Wednesday, September 2, 2009
So we pick each other up and head on down to "waller-mart" This is what one of my daughters calls it and i cant seem to stop.
I'm getting the ever neccesary bathroom tissue dish soap and what not. She is getting Jay some nicotine patches. He's quitting again and the patch really helps.
Were spending a lot of time in the patch aisle and I start thinking, This patch is small but he absorbs the poison nicotine through his skin.... weird.
I go home and carry on with my life as usual.
We are still inserting mimi's undies with the left over sposies from tinsley at night time. and she is still not making it through the nite. Even with two pee breaks in the nite she is always wet in the am.
Doing laundry one day i guess one of the disposables went through the wash.
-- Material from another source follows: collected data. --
(* Let $S,T\subseteq\mathbb{Z}_{>0}$ be finite and let $x$ be such that $T_{\ge x}\preceq S_{>x}$. Then $$T\triangleleft S=(T_{<x}\triangleleft S_{\le x})\sqcup(T_{\ge x}\triangleleft S_{>x}).$$
   Context: For a finite set $S\subseteq\mathbb{Z}_{>0}$, $S(i)$ is its $i$th smallest element, and $S_{<x},S_{\le x},S_{>x},S_{\ge x}$ denote the subsets of elements $<x$, $\le x$, $>x$, $\ge x$. For finite $S,T$, $T\triangleleft S$ is computed by going through $S$ from largest to smallest; each $s$ picks the largest element of $T$ less than $s$ not yet picked (if one exists); $T\triangleleft S$ is the set of picked elements. We write $T\preceq S$ ($S$ dominates $T$) if $|T|\ge|S|$ and $T(i)<S(i)$ for all $i\in[|S|]$. *)

theory Defs
  imports Main
begin

text \<open>S(i): the i-th smallest element of a finite set (1-based, i.e. i \<in> {1..card S}).\<close>
definition ith :: "int set \<Rightarrow> nat \<Rightarrow> int" where
  "ith S i = sorted_list_of_set S ! (i - 1)"

fun pick :: "int set \<Rightarrow> int list \<Rightarrow> int set" where
  "pick T [] = {}"
| "pick T (s # ss) =
     (if {t \<in> T. t < s} = {} then pick T ss
      else (let m = Max {t \<in> T. t < s} in insert m (pick (T - {m}) ss)))"

definition tri :: "int set \<Rightarrow> int set \<Rightarrow> int set" (infix "\<triangleleft>" 60) where
  "T \<triangleleft> S = pick T (rev (sorted_list_of_set S))"

definition dominated :: "int set \<Rightarrow> int set \<Rightarrow> bool" (infix "\<preceq>" 50) where
  "T \<preceq> S \<longleftrightarrow> card T \<ge> card S \<and> (\<forall>i \<in> {1..card S}. ith T i < ith S i)"

end

theory Submission
  imports Defs
begin

text \<open>Listing \<open>S\<close> in decreasing order, the elements of \<open>S\<close> above \<open>x\<close> are processed
first. The domination hypothesis yields a Hall-type condition: for every \<open>s \<in> S\<close> with
\<open>s > x\<close>, there are at least as many elements of \<open>T\<close> in \<open>[x, s)\<close> as there are elements of
\<open>S\<close> in \<open>(x, s]\<close>. Hence each greedy choice of this first phase is at least \<open>x\<close>, and the
phase runs exactly as it would on the elements of \<open>T\<close> that are at least \<open>x\<close>. The remaining
elements of \<open>S\<close>, all at most \<open>x\<close>, can only pick elements below \<open>x\<close>, none of which has been
used.\<close>

lemma sorted_wrt_less_filter_le_nth:
  fixes ys :: "'a::linorder list"
  assumes "sorted_wrt (<) ys" "k < length ys"
  shows "{y \<in> set ys. y \<le> ys ! k} = set (take (Suc k) ys)"
proof (intro set_eqI iffI)
  fix y assume "y \<in> {y \<in> set ys. y \<le> ys ! k}"
  then obtain i where i: "i < length ys" "ys ! i = y" "y \<le> ys ! k"
    by (auto simp: in_set_conv_nth)
  have "i \<le> k"
  proof (rule ccontr)
    assume "\<not> i \<le> k"
    then have "ys ! k < ys ! i"
      using sorted_wrt_nth_less[OF assms(1)] i(1) by simp
    then show False
      using i by simp
  qed
  then show "y \<in> set (take (Suc k) ys)"
    using i by (auto simp: in_set_conv_nth)
next
  fix y assume "y \<in> set (take (Suc k) ys)"
  then obtain i where i: "i \<le> k" "ys ! i = y"
    using assms(2) by (auto simp: in_set_conv_nth less_Suc_eq_le)
  have "ys ! i \<le> ys ! k"
    using sorted_wrt_nth_less[OF assms(1), of i k] assms(2) i(1)
    by (cases "i = k") (auto simp: order.order_iff_strict)
  then show "y \<in> {y \<in> set ys. y \<le> ys ! k}"
    using i assms(2) by auto
qed

lemma card_le_ith:
  assumes "finite S" "i \<in> {1..card S}"
  shows "card {s \<in> S. s \<le> ith S i} = i"
proof -
  let ?ys = "sorted_list_of_set S"
  have "i - 1 < length ?ys"
    using assms by auto
  then have "{s \<in> S. s \<le> ith S i} = set (take (Suc (i - 1)) ?ys)"
    using sorted_wrt_less_filter_le_nth[of ?ys "i - 1"] assms(1) by (simp add: ith_def)
  also have "Suc (i - 1) = i"
    using assms(2) by simp
  finally have "{s \<in> S. s \<le> ith S i} = set (take i ?ys)" .
  then show ?thesis
    using assms by (simp add: distinct_card)
qed

lemma ith_onto:
  assumes "finite S" "s \<in> S"
  obtains i where "i \<in> {1..card S}" "ith S i = s"
proof -
  obtain j where "j < card S" "sorted_list_of_set S ! j = s"
    using assms by (metis in_set_conv_nth length_sorted_list_of_set set_sorted_list_of_set)
  then show ?thesis
    using that[of "Suc j"] by (simp add: ith_def)
qed

lemma dominated_card_le:
  assumes "finite S" "finite T" "T \<preceq> S" "s \<in> S"
  shows "card {s' \<in> S. s' \<le> s} \<le> card {t \<in> T. t < s}"
proof -
  obtain i where i: "i \<in> {1..card S}" "ith S i = s"
    using ith_onto assms(1,4) by blast
  have iT: "i \<in> {1..card T}" and lt: "ith T i < s"
    using assms(3) i by (auto simp: dominated_def)
  have "card {s' \<in> S. s' \<le> s} = i"
    using card_le_ith[OF assms(1) i(1)] i(2) by simp
  also have "\<dots> = card {t \<in> T. t \<le> ith T i}"
    using card_le_ith[OF assms(2) iT] by simp
  also have "\<dots> \<le> card {t \<in> T. t < s}"
    using assms(2) lt by (intro card_mono) auto
  finally show ?thesis .
qed

lemma pick_subset: "finite Q \<Longrightarrow> pick Q L \<subseteq> Q"
proof (induction L arbitrary: Q)
  case Nil
  then show ?case by simp
next
  case (Cons s L)
  then show ?case
    using Max_in[of "{t \<in> Q. t < s}"] by (auto simp: Let_def)
qed

lemma pick_Cons_empty: "{t \<in> Q. t < s} = {} \<Longrightarrow> pick Q (s # L) = pick Q L"
  by simp

lemma pick_Cons_nonempty:
  "{t \<in> Q. t < s} \<noteq> {} \<Longrightarrow>
   pick Q (s # L) = insert (Max {t \<in> Q. t < s}) (pick (Q - {Max {t \<in> Q. t < s}}) L)"
  by (simp only: pick.simps Let_def if_False)

declare pick.simps(2) [simp del]

lemma pick_append: "pick Q (L @ M) = pick Q L \<union> pick (Q - pick Q L) M"
proof (induction L arbitrary: Q)
  case Nil
  then show ?case by simp
next
  case (Cons s L)
  show ?case
  proof (cases "{t \<in> Q. t < s} = {}")
    case True
    then show ?thesis
      using Cons.IH by (simp add: pick_Cons_empty)
  next
    case False
    define m where "m = Max {t \<in> Q. t < s}"
    have "Q - {m} - pick (Q - {m}) L = Q - insert m (pick (Q - {m}) L)"
      by auto
    then show ?thesis
      using Cons.IH[of "Q - {m}"] pick_Cons_nonempty[OF False] by (simp add: m_def)
  qed
qed

lemma pick_restrict_below:
  "\<forall>s \<in> set L. s \<le> x \<Longrightarrow> pick Q L = pick {t \<in> Q. t < x} L"
proof (induction L arbitrary: Q)
  case Nil
  then show ?case by simp
next
  case (Cons s L)
  have below: "{t \<in> {t \<in> Q. t < x}. t < s} = {t \<in> Q. t < s}"
    using Cons.prems by auto
  show ?case
  proof (cases "{t \<in> Q. t < s} = {}")
    case True
    then show ?thesis
      using Cons below by (simp add: pick_Cons_empty)
  next
    case False
    define m where "m = Max {t \<in> Q. t < s}"
    have "{t \<in> Q - {m}. t < x} = {t \<in> Q. t < x} - {m}"
      by auto
    then show ?thesis
      using Cons.IH[of "Q - {m}"] Cons.prems False below
      by (simp add: pick_Cons_nonempty m_def)
  qed
qed

definition hall_above :: "int \<Rightarrow> int set \<Rightarrow> int list \<Rightarrow> bool" where
  "hall_above x P L \<longleftrightarrow>
     (\<forall>s \<in> set L. card {s' \<in> set L. s' \<le> s} \<le> card {a \<in> P. x \<le> a \<and> a < s})"

lemma hall_above_Cons_witness:
  assumes "hall_above x P (s # L)"
  obtains a where "a \<in> P" "x \<le> a" "a < s"
proof -
  have "card {s' \<in> set (s # L). s' \<le> s} \<le> card {a \<in> P. x \<le> a \<and> a < s}"
    using assms unfolding hall_above_def by simp
  moreover have "0 < card {s' \<in> set (s # L). s' \<le> s}"
    by (subst card_gt_0_iff) auto
  ultimately have "{a \<in> P. x \<le> a \<and> a < s} \<noteq> {}"
    by (metis card.empty not_less_zero le_zero_eq)
  then show ?thesis
    using that by blast
qed

lemma hall_above_remove_max:
  assumes sorted: "sorted_wrt (>) (s # L)" and "finite P" and hall: "hall_above x P (s # L)"
    and m: "m \<in> P" "x \<le> m" "m < s" and max: "\<forall>t \<in> P. t < s \<longrightarrow> t \<le> m"
  shows "hall_above x (P - {m}) L"
  unfolding hall_above_def
proof
  have hall_at: "card {s'' \<in> set (s # L). s'' \<le> s'} \<le> card {a \<in> P. x \<le> a \<and> a < s'}"
    if "s' \<in> set (s # L)" for s'
    using hall that unfolding hall_above_def by blast
  fix s' assume s': "s' \<in> set L"
  then have "s' < s"
    using sorted by simp
  show "card {s'' \<in> set L. s'' \<le> s'} \<le> card {a \<in> P - {m}. x \<le> a \<and> a < s'}"
  proof (cases "m < s'")
    case True
    have "s \<notin> set L"
      using sorted by auto
    then have "card {s'' \<in> set L. s'' \<le> s'} < card (insert s (set L))"
      by (simp add: le_imp_less_Suc card_mono)
    also have "insert s (set L) = {s'' \<in> set (s # L). s'' \<le> s}"
      using sorted by auto
    also have "card \<dots> \<le> card {a \<in> P. x \<le> a \<and> a < s}"
      by (rule hall_at) simp
    finally have "card {s'' \<in> set L. s'' \<le> s'} \<le> card ({a \<in> P. x \<le> a \<and> a < s} - {m})"
      using m \<open>finite P\<close> by simp
    also have "{a \<in> P. x \<le> a \<and> a < s} - {m} = {a \<in> P - {m}. x \<le> a \<and> a < s'}"
      using True \<open>s' < s\<close> max by force
    finally show ?thesis .
  next
    case False
    have "{s'' \<in> set L. s'' \<le> s'} = {s'' \<in> set (s # L). s'' \<le> s'}"
      using \<open>s' < s\<close> by auto
    also have "card \<dots> \<le> card {a \<in> P. x \<le> a \<and> a < s'}"
      using s' by (intro hall_at) simp
    also have "{a \<in> P. x \<le> a \<and> a < s'} = {a \<in> P - {m}. x \<le> a \<and> a < s'}"
      using False by auto
    finally show ?thesis .
  qed
qed

text \<open>Under Hall's condition every greedy choice is at least \<open>x\<close>, so elements of
\<open>P\<close> below \<open>x\<close> are never picked.\<close>

lemma pick_eq_pick_above:
  assumes "sorted_wrt (>) L" "finite P" "hall_above x P L"
  shows "pick P L = pick {a \<in> P. x \<le> a} L"
  using assms
proof (induction L arbitrary: P)
  case Nil
  then show ?case by simp
next
  case (Cons s L)
  obtain a where a: "a \<in> P" "x \<le> a" "a < s"
    using hall_above_Cons_witness[OF Cons.prems(3)] .
  define m where "m = Max {t \<in> P. t < s}"
  have below_s: "{t \<in> P. t < s} \<noteq> {}" "finite {t \<in> P. t < s}"
    using a Cons.prems(2) by auto
  have m: "m \<in> P" "m < s" and max: "\<forall>t \<in> P. t < s \<longrightarrow> t \<le> m"
    using Max_in[OF below_s(2,1)] Max_ge[OF below_s(2)] by (auto simp: m_def)
  have "x \<le> m"
    using a max by force
  have above_s: "{t \<in> {a \<in> P. x \<le> a}. t < s} \<noteq> {}"
    using a by auto
  have "Max {t \<in> {a \<in> P. x \<le> a}. t < s} = m"
    using m max \<open>x \<le> m\<close> Cons.prems(2) by (intro Max_eqI) auto
  then have "pick {a \<in> P. x \<le> a} (s # L) = insert m (pick ({a \<in> P. x \<le> a} - {m}) L)"
    using pick_Cons_nonempty[OF above_s] by simp
  moreover have "pick P (s # L) = insert m (pick (P - {m}) L)"
    using pick_Cons_nonempty[OF below_s(1)] by (simp add: m_def)
  moreover have "pick (P - {m}) L = pick {a \<in> P - {m}. x \<le> a} L"
    using Cons.prems m \<open>x \<le> m\<close> max
    by (intro Cons.IH hall_above_remove_max[of s L]) auto
  moreover have "{a \<in> P - {m}. x \<le> a} = {a \<in> P. x \<le> a} - {m}"
    by auto
  ultimately show ?case
    by simp
qed

lemma tri_subset: "finite T \<Longrightarrow> T \<triangleleft> S \<subseteq> T"
  unfolding tri_def by (rule pick_subset)

lemma hall_above_if_dominated:
  assumes "finite S" "finite T" "{t \<in> T. t \<ge> x} \<preceq> S"
  shows "hall_above x T (rev (sorted_list_of_set S))"
  unfolding hall_above_def
proof
  fix s assume "s \<in> set (rev (sorted_list_of_set S))"
  then have "s \<in> S"
    using assms(1) by simp
  have "card {s' \<in> S. s' \<le> s} \<le> card {t \<in> {t \<in> T. t \<ge> x}. t < s}"
    using dominated_card_le[OF assms(1) _ assms(3) \<open>s \<in> S\<close>] assms(2) by simp
  then show "card {s' \<in> set (rev (sorted_list_of_set S)). s' \<le> s} \<le> card {a \<in> T. x \<le> a \<and> a < s}"
    using assms(1) by simp
qed

lemma sorted_list_of_set_split:
  fixes S :: "'a::linorder set"
  assumes "finite S"
  shows "sorted_list_of_set S = sorted_list_of_set {s \<in> S. s \<le> x} @ sorted_list_of_set {s \<in> S. s > x}"
proof -
  let ?l = "sorted_list_of_set {s \<in> S. s \<le> x} @ sorted_list_of_set {s \<in> S. s > x}"
  have "sorted_wrt (<) ?l" "set ?l = S" "distinct ?l"
    using assms by (auto simp: sorted_wrt_append)
  then show ?thesis
    by (metis sorted_list_of_set.idem_if_sorted_distinct strict_sorted_iff)
qed

lemma tri_split:
  assumes "finite S" "finite T" "{t \<in> T. t \<ge> x} \<preceq> {s \<in> S. s > x}"
  shows "T \<triangleleft> S = ({t \<in> T. t < x} \<triangleleft> {s \<in> S. s \<le> x}) \<union> ({t \<in> T. t \<ge> x} \<triangleleft> {s \<in> S. s > x})"
proof -
  define L where "L = rev (sorted_list_of_set {s \<in> S. s > x})"
  define M where "M = rev (sorted_list_of_set {s \<in> S. s \<le> x})"
  have upper: "pick T L = pick {t \<in> T. t \<ge> x} L"
    unfolding L_def using assms
    by (intro pick_eq_pick_above hall_above_if_dominated) (auto simp: sorted_wrt_rev)
  have "pick {t \<in> T. t \<ge> x} L \<subseteq> {t \<in> T. t \<ge> x}"
    using assms(2) by (intro pick_subset) simp
  then have "{t \<in> T - pick {t \<in> T. t \<ge> x} L. t < x} = {t \<in> T. t < x}"
    by auto
  moreover have "\<forall>s \<in> set M. s \<le> x"
    using assms(1) by (simp add: M_def)
  ultimately have lower: "pick (T - pick {t \<in> T. t \<ge> x} L) M = pick {t \<in> T. t < x} M"
    using pick_restrict_below by metis
  have "rev (sorted_list_of_set S) = L @ M"
    using sorted_list_of_set_split[OF assms(1), of x] by (simp add: L_def M_def)
  then have "T \<triangleleft> S = pick T L \<union> pick (T - pick T L) M"
    unfolding tri_def by (simp only: pick_append)
  also have "\<dots> = pick {t \<in> T. t < x} M \<union> pick {t \<in> T. t \<ge> x} L"
    unfolding upper lower by (rule Un_commute)
  finally show ?thesis
    by (simp only: tri_def L_def M_def)
qed

theorem proposition4p12:
  fixes S T :: "int set" and x :: int
  assumes "finite S" "finite T" "\<forall>s\<in>S. s > 0" "\<forall>t\<in>T. t > 0"
    and "{t \<in> T. t \<ge> x} \<preceq> {s \<in> S. s > x}"
  shows "T \<triangleleft> S = ({t \<in> T. t < x} \<triangleleft> {s \<in> S. s \<le> x}) \<union> ({t \<in> T. t \<ge> x} \<triangleleft> {s \<in> S. s > x})
     \<and> ({t \<in> T. t < x} \<triangleleft> {s \<in> S. s \<le> x}) \<inter> ({t \<in> T. t \<ge> x} \<triangleleft> {s \<in> S. s > x}) = {}"
proof
  show "T \<triangleleft> S = ({t \<in> T. t < x} \<triangleleft> {s \<in> S. s \<le> x}) \<union> ({t \<in> T. t \<ge> x} \<triangleleft> {s \<in> S. s > x})"
    using tri_split assms(1,2,5) .
  have "{t \<in> T. t < x} \<triangleleft> {s \<in> S. s \<le> x} \<subseteq> {t \<in> T. t < x}"
    and "{t \<in> T. t \<ge> x} \<triangleleft> {s \<in> S. s > x} \<subseteq> {t \<in> T. t \<ge> x}"
    using assms(2) by (simp_all add: tri_subset)
  moreover have "{t \<in> T. t < x} \<inter> {t \<in> T. t \<ge> x} = {}"
    by auto
  ultimately show "({t \<in> T. t < x} \<triangleleft> {s \<in> S. s \<le> x}) \<inter> ({t \<in> T. t \<ge> x} \<triangleleft> {s \<in> S. s > x}) = {}"
    by blast
qed

end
YOu know what im talking about... the gel or whatever those soft little pebbles r were all over my clothes. so I washed again.... they were still theyre all over my shit!!! Not disapearing. They look unatural. This is definetly bad for the enviroment and im trying to wash them down the drain. Very irresponsible.
So I bring my clothes and sit on my kitchen floor by the trash and start picking off the gelly balls. Im aggravated and i blame this problem on my husband dennis. God why do men even attempt laundry...argh!!! Can you imagine how pissed i would be if dennis left all the laundry to me. I'm so flipping unreasonable!
But Im starting to think about these disposables even more. Two loads of laundry and its basically intact. I look online to find out what they're made of. Any cloth diaper site cant wait to tell you all about the horrible disposable. So i dont go theyre, i just want to know. What i read is " the most poisonous chemical in the world dioxin" Who knows if this statement is true. But then I read "cancer rates up" "Causes Cancer" "Infertility" "500 years to decompose" which i find a weird statement since they've only being around for 50 years so how would they know! But its obvious they can survive quite a bit. I dont know why but at this momment all I can think about is my brother in law jay's patch.
Holy crap he can get nicotine from a 2"x2" patch. What the F#@% am i leaching into my childrens tiny little bodies. I decide I dont want to know. I shut the computer off automattically disgusted by my train of thought. Crap now it's going to take forever to boot up! Im such an overreactor.
But i dont care no more disposables, In fact im going to buy all natural deodarant and soap. That nicotine patch has just made the jones house a lot stinkier!